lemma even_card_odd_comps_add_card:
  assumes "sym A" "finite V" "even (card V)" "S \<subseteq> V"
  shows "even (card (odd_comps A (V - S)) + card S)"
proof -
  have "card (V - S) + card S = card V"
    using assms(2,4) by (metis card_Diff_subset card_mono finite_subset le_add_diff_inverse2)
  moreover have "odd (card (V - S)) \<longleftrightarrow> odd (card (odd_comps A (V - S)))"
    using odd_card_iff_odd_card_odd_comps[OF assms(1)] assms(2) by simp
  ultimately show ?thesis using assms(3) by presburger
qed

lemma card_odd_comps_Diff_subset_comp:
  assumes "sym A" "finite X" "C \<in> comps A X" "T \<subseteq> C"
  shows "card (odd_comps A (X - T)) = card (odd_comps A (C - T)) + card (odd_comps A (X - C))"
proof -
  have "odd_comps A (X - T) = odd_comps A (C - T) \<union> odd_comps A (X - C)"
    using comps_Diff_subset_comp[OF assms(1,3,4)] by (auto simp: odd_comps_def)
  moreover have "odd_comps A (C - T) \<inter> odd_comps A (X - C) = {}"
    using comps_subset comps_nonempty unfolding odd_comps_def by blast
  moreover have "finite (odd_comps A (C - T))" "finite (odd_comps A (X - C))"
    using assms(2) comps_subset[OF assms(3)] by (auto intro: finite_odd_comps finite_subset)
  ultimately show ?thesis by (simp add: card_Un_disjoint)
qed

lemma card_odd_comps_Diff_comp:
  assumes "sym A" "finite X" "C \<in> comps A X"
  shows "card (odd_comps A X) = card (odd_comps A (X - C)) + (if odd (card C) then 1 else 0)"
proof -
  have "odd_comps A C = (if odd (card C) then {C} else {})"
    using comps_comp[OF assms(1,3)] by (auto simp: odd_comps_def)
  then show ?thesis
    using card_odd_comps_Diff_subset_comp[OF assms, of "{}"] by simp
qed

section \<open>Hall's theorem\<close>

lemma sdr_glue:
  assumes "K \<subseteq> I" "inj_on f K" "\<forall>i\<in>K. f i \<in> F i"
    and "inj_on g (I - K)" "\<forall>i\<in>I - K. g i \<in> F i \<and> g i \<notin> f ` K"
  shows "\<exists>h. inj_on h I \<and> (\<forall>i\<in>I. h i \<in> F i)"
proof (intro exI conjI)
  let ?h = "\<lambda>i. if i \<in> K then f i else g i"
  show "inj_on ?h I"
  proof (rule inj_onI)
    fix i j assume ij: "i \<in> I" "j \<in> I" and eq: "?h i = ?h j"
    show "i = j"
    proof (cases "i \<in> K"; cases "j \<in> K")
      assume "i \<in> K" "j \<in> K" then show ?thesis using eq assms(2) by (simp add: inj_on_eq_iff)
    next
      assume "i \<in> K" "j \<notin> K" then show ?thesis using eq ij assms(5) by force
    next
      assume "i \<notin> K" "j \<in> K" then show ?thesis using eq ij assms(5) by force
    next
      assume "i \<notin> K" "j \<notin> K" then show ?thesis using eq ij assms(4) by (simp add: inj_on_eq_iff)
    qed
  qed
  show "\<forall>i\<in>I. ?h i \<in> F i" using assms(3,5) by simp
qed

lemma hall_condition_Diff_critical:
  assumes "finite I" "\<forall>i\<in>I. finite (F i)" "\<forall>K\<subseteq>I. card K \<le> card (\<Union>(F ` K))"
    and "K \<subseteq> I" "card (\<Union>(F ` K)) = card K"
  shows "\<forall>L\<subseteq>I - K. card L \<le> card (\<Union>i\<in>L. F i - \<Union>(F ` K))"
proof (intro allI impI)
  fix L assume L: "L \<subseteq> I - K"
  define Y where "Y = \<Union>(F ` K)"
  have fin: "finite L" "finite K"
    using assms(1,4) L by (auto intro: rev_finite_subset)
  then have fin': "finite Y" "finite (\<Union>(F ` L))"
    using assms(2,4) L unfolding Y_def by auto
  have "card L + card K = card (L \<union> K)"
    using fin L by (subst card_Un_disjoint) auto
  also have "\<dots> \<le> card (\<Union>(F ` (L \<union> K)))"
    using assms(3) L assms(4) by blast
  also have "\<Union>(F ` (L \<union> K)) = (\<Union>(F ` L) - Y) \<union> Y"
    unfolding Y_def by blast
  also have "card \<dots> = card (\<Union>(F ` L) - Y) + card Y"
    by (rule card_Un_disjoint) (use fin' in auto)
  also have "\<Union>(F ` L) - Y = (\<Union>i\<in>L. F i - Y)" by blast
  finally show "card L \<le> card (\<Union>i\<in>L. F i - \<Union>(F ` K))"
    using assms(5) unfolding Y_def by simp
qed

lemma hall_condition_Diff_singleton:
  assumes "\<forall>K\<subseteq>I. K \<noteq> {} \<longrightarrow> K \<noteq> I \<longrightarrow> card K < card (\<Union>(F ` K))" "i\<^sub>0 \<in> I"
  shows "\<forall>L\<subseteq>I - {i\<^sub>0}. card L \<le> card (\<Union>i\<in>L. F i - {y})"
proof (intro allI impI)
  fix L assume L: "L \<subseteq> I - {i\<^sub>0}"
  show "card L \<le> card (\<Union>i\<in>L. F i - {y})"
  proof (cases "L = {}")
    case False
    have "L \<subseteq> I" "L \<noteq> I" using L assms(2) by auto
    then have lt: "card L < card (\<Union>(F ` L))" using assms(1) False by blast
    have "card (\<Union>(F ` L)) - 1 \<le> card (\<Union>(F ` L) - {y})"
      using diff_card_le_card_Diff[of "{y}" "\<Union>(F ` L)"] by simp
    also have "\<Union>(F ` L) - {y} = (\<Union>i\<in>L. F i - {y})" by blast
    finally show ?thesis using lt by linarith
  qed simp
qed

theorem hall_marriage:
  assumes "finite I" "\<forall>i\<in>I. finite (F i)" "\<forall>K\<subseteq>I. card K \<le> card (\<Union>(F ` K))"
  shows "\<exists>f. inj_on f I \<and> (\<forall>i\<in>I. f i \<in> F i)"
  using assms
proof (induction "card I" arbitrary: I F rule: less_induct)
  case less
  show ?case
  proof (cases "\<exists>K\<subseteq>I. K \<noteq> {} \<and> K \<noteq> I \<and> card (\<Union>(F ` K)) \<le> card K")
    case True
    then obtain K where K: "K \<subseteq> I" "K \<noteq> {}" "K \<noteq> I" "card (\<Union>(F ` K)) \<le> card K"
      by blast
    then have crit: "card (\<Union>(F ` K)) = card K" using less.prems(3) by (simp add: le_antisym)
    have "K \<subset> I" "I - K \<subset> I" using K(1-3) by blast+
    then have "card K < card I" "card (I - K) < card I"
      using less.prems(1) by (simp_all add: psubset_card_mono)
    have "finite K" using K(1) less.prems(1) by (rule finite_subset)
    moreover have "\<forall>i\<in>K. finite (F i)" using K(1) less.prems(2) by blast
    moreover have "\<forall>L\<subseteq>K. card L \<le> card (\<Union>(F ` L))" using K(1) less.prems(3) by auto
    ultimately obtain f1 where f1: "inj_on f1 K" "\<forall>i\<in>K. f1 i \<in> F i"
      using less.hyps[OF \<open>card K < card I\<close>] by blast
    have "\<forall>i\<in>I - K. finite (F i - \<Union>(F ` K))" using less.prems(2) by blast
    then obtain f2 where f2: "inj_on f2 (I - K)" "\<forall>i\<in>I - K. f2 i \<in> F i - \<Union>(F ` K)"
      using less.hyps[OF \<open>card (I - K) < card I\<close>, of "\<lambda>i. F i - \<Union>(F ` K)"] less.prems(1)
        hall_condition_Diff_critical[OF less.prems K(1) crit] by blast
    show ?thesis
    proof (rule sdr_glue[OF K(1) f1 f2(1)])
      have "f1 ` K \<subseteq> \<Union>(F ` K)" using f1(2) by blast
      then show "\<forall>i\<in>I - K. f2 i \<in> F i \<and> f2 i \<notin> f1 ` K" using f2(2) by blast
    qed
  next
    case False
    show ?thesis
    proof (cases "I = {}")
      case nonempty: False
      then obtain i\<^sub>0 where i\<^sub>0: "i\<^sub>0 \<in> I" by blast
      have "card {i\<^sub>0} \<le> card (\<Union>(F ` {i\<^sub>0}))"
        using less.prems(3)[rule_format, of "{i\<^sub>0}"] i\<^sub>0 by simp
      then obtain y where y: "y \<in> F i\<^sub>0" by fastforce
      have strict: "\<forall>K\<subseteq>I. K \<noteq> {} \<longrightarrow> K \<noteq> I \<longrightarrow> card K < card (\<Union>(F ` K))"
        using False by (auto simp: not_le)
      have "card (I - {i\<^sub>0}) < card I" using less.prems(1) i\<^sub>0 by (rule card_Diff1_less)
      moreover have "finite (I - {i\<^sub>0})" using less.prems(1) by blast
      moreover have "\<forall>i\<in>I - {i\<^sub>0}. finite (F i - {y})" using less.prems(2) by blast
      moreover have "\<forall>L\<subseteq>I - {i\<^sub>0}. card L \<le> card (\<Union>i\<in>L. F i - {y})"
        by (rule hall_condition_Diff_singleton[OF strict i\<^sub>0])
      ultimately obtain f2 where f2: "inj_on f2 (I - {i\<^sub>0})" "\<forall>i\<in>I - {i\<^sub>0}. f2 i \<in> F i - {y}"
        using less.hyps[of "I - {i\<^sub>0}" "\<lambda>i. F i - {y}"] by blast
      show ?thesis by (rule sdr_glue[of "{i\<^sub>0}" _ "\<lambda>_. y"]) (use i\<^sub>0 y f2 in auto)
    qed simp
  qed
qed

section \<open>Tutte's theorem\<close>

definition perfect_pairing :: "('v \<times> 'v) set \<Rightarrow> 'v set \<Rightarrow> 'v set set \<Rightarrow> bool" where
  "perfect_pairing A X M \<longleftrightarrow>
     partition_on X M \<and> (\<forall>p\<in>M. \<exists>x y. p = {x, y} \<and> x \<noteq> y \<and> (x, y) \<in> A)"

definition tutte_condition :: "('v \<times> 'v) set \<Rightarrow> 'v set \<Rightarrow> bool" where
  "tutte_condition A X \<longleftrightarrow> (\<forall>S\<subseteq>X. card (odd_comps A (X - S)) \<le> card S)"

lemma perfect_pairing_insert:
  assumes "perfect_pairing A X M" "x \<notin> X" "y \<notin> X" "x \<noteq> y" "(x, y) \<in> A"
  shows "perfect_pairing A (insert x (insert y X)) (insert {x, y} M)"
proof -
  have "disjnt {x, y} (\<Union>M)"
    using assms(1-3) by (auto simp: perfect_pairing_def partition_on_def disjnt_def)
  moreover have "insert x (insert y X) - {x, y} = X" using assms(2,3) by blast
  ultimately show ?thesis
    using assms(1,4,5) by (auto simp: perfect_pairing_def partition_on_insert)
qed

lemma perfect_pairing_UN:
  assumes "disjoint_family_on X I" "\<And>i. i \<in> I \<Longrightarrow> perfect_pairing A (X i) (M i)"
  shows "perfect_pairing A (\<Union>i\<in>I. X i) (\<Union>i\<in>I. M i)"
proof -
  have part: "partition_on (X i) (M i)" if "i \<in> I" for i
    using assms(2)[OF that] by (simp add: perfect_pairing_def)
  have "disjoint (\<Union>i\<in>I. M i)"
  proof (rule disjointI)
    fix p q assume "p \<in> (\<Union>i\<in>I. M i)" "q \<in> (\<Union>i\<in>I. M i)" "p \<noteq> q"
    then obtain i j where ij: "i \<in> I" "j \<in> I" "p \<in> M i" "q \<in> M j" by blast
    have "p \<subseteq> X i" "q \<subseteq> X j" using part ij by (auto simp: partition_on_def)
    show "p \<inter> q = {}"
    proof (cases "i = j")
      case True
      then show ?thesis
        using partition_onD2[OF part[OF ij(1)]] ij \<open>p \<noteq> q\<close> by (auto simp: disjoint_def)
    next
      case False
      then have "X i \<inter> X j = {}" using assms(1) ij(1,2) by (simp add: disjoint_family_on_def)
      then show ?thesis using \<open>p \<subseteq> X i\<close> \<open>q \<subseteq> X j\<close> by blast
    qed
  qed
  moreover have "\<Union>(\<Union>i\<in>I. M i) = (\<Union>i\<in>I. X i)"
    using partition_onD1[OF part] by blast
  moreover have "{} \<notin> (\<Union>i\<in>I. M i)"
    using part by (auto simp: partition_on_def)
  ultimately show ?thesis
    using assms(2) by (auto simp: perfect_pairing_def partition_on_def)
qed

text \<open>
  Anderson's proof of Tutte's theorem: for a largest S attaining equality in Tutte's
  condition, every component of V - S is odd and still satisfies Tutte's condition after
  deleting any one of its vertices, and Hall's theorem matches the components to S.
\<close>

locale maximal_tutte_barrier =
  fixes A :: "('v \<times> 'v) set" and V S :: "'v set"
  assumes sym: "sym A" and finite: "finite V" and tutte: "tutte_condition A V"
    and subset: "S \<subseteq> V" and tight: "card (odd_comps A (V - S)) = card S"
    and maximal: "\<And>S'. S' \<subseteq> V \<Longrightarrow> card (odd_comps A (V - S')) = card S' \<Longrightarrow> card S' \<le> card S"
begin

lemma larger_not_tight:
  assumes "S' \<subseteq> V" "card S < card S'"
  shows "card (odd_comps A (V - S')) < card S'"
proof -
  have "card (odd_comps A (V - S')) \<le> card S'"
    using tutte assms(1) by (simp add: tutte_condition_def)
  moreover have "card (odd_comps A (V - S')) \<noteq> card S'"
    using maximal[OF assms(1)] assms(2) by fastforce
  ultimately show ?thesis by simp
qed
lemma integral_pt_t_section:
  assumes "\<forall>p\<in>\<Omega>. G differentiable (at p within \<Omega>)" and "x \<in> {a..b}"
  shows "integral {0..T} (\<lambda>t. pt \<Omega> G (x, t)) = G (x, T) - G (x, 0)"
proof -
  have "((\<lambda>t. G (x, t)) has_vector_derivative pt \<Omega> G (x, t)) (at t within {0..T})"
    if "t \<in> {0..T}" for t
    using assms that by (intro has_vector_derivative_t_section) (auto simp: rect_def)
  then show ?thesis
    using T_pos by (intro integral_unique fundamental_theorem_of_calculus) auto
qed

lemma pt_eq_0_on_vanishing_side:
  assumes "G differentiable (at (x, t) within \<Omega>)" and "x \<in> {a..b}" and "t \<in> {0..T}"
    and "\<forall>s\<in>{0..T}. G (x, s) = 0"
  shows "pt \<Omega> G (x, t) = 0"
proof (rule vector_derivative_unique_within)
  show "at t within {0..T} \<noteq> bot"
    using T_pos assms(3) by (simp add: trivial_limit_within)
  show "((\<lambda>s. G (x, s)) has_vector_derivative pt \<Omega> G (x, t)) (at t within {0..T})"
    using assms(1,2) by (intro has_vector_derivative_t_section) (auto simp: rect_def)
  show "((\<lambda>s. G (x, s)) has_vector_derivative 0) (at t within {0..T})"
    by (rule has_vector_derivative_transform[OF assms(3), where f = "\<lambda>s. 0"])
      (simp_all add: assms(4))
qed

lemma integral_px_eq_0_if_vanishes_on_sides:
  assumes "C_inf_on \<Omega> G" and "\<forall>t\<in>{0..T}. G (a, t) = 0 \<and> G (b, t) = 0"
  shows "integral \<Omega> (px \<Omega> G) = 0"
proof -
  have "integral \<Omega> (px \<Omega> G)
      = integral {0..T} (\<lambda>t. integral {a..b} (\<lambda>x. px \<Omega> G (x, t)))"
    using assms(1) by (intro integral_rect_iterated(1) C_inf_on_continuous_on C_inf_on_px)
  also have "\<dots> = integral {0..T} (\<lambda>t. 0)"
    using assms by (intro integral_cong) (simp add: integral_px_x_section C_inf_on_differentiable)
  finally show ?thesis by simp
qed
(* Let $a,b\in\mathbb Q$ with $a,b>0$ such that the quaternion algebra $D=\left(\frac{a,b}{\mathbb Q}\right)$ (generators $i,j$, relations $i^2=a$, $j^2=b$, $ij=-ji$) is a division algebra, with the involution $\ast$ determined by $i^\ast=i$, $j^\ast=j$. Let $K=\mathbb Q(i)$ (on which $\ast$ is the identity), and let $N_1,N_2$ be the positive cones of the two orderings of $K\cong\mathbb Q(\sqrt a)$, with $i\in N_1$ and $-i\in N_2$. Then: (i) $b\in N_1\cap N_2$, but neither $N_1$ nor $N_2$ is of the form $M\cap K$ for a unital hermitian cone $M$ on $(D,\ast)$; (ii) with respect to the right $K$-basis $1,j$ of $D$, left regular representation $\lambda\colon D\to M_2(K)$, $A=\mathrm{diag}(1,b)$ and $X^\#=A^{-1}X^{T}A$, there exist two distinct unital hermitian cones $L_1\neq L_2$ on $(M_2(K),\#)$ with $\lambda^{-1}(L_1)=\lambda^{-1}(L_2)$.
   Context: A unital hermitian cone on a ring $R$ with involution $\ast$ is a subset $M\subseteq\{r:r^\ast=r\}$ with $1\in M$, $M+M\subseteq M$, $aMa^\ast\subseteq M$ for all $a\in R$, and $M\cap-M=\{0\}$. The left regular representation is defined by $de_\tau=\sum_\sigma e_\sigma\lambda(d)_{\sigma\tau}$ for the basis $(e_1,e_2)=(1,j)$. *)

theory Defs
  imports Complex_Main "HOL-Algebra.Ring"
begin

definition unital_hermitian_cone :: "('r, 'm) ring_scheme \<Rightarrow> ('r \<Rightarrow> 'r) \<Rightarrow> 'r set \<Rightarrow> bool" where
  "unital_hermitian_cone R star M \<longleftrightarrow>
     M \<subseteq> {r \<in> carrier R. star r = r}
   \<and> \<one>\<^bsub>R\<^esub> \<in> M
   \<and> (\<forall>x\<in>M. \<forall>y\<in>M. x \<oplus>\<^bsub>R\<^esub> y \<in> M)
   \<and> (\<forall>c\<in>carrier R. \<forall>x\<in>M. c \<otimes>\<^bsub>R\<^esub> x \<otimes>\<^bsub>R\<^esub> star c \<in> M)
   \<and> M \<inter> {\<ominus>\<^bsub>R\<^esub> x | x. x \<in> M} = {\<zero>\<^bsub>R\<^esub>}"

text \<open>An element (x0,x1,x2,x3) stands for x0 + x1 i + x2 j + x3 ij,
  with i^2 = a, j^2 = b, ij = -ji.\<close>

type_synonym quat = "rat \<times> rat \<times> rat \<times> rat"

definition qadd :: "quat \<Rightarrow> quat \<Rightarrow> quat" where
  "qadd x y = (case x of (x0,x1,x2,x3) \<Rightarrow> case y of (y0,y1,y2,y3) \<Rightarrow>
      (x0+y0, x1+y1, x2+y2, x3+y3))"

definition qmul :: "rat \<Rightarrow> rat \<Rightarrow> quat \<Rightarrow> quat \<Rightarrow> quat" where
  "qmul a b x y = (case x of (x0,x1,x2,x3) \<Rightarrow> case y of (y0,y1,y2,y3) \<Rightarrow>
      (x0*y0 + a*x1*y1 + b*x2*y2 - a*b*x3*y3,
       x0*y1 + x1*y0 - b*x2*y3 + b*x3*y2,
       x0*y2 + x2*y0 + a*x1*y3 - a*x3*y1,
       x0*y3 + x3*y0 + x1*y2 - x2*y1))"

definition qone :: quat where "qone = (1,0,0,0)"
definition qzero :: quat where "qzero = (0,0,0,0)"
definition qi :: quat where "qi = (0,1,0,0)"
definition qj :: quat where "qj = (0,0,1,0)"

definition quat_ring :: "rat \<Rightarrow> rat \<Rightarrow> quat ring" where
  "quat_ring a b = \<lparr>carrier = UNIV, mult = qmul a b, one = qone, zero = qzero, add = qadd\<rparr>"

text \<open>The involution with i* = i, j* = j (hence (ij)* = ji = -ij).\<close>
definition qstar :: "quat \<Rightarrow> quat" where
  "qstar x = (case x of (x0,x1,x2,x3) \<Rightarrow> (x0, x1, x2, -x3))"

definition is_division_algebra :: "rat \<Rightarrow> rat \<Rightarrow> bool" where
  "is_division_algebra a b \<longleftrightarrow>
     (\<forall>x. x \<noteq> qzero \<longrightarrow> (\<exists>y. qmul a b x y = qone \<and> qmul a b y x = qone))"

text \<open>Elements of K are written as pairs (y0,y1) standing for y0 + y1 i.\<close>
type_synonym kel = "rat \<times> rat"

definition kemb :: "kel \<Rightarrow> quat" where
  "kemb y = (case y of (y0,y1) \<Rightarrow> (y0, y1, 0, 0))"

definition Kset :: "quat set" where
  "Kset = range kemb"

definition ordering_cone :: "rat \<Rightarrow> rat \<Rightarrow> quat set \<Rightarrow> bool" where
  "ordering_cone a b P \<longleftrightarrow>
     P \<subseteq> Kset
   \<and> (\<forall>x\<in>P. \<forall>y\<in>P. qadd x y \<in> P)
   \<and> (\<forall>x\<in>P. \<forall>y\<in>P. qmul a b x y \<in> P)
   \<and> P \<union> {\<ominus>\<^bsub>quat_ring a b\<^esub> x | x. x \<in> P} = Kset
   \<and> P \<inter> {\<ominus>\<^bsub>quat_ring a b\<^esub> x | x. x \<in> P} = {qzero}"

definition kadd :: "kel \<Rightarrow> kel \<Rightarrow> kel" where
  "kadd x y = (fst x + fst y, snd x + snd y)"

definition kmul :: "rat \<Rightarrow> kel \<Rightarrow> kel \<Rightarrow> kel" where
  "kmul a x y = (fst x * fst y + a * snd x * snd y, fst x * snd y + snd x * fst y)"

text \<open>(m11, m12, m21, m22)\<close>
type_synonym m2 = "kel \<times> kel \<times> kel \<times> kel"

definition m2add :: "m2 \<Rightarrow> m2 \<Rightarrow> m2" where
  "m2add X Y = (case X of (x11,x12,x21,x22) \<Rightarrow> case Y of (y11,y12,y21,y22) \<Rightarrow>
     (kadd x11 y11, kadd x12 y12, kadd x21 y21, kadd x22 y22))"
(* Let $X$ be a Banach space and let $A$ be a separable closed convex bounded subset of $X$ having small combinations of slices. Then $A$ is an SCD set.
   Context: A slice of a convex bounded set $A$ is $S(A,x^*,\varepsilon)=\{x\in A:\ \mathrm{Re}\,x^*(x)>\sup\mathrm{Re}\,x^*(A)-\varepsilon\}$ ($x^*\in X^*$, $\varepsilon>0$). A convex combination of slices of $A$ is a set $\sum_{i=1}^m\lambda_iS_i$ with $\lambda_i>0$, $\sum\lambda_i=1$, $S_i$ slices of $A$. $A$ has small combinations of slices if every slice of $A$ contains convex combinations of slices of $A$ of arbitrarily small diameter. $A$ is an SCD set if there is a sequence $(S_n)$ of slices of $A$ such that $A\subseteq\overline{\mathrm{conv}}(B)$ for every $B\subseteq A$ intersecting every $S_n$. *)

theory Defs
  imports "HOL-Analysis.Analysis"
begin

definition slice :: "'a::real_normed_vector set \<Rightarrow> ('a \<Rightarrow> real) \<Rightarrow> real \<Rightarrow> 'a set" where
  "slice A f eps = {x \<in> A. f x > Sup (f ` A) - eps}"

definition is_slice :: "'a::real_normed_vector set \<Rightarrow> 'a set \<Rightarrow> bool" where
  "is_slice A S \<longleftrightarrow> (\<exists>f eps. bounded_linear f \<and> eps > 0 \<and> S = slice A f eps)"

_What is required_
After locating the line holding "deleting any one" above, output exactly that line and every line after it through the line holding "- S)) = card". Include nothing else.

_Solution to the exercise_
  deleting any one of its vertices, and Hall's theorem matches the components to S.
\<close>

locale maximal_tutte_barrier =
  fixes A :: "('v \<times> 'v) set" and V S :: "'v set"
  assumes sym: "sym A" and finite: "finite V" and tutte: "tutte_condition A V"
    and subset: "S \<subseteq> V" and tight: "card (odd_comps A (V - S)) = card S"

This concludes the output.